EXERCISE DETAILS:
Below are the records; count how many of their lines contain the word "lemma" and give that number only.

___ RECORDS FOR THIS TASK ___

lemma Psi_pointwise_bound:
  assumes x: "x \<in> {0..1}"
  shows "norm (Psi s c x) \<le> sqrt M * exp (pi/2) * (2 * K) powr (pi/2) * real_of_int n powr (pi/2)"
proof -
  have nK: "1 / \<eta> = 2 * K * real_of_int n"
    using pi_gt_zero by (simp add: \<eta>_def L_def)
  have "\<eta> \<le> 1"
    using L_ge L_pos by (simp add: \<eta>_def)
  then have maj1: "2 * maj_prim \<eta> 1 = pi / 2 + pi / 2 * ln (2 * K * real_of_int n)"
    using eta_pos by (simp add: maj_prim_1 nK algebra_simps)
  have "norm (Psi s c x) = exp (Re (A_inf s (\<lambda>y. Ln (trig_eval c y)) x))"
    by (simp add: Psi_def)
  also have "\<dots> \<le> exp (ln M / 2 + 2 * maj_prim \<eta> 1)"
    using Re_A_inf_bound[OF x, of s] by simp
  also have "\<dots> = exp (ln M / 2) * exp (pi/2) * exp (pi / 2 * ln (2 * K * real_of_int n))"
    unfolding maj1 by (simp add: exp_add)
  also have "exp (ln M / 2) = sqrt M"
    using M_pos by (simp add: powr_half_sqrt[symmetric] powr_def)
  also have "exp (pi / 2 * ln (2 * K * real_of_int n)) = (2 * K) powr (pi/2) * real_of_int n powr (pi/2)"
    using n_ge_1 K_ge_1 by (simp add: powr_def ln_mult exp_add algebra_simps)
  finally show ?thesis
    by (simp add: mult_ac)
qed

lemma M_le_exp_tau: "M \<le> exp (tau c)"
proof -
  have "ln M \<le> ln (M + m / 2)"
    using M_pos m_pos by simp
  also have "\<dots> \<le> tau c"
    by (simp add: tau_def M_def[symmetric] m_def[symmetric])
  finally have "exp (ln M) \<le> exp (tau c)"
    by simp
  then show ?thesis
    using M_pos by simp
qed

lemma K_le_rho: "K \<le> max 1 (1 / (2 * exp 1 * rho c))"
proof (cases "m / (2 * exp 1 * l1) \<le> 1")
  case True
  then have "rho c = m / (2 * exp 1 * l1)"
    by (simp add: rho_def min_def m_def[symmetric] l1_def[symmetric])
  then have "1 / (2 * exp 1 * rho c) = l1 / m"
    using m_pos l1_pos by simp
  then show ?thesis
    by (simp add: K_def)
next
  case False
  have "l1 \<le> 2 * exp 1 * l1"
    using l1_pos exp_ge_add_one_self[of 1] by simp
  also have "\<dots> < m"
    using False m_pos l1_pos by (simp add: field_simps)
  finally have "l1 / m \<le> 1"
    using m_pos by simp
  then show ?thesis
    by (simp add: K_def)
qed

lemma sup_norm_Psi_bound:
  "sup_norm (Psi s c) \<le> lam_bound (rho c) (tau c) * real_of_int n powr (pi/2)"
  unfolding sup_norm_def
proof (rule cSUP_least)
  fix x :: real assume x: "x \<in> {0..1}"
  have "norm (Psi s c x) \<le> sqrt M * exp (pi/2) * (2 * K) powr (pi/2) * real_of_int n powr (pi/2)"
    by (rule Psi_pointwise_bound[OF x])
  also have "\<dots> \<le> lam_bound (rho c) (tau c) * real_of_int n powr (pi/2)"
    unfolding lam_bound_def
    using M_le_exp_tau K_le_rho K_ge_1 M_pos
    by (intro mult_right_mono mult_mono powr_mono2) auto
  finally show "norm (Psi s c x) \<le> lam_bound (rho c) (tau c) * real_of_int n powr (pi/2)" .
qed simp

end

theorem theorem2:
  shows "\<exists>lam :: real \<Rightarrow> real \<Rightarrow> real.
    (\<forall>a b. a > 0 \<and> b > 0 \<longrightarrow> lam a b > 0) \<and>
    (\<forall>c s. is_trig_poly c \<and> nonconstant c \<and> (\<forall>x. Re (trig_eval c x) > 0) \<longrightarrow>
       sup_norm (Psi s c) \<le> lam (rho c) (tau c) * real_of_int (n_deg c) powr (pi / 2))"
proof (intro exI[of _ lam_bound] conjI allI impI)
  fix a b :: real
  assume "a > 0 \<and> b > 0"
  then show "lam_bound a b > 0"
    by (simp add: lam_bound_pos)
next
  fix c s
  assume "is_trig_poly c \<and> nonconstant c \<and> (\<forall>x. Re (trig_eval c x) > 0)"
  then interpret pos_trig_poly c
    by unfold_locales (auto simp: is_trig_poly_def)
  show "sup_norm (Psi s c) \<le> lam_bound (rho c) (tau c) * real_of_int (n_deg c) powr (pi / 2)"
    using sup_norm_Psi_bound by (simp add: n_def)
qed

end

___

YOUR SOLUTION:
4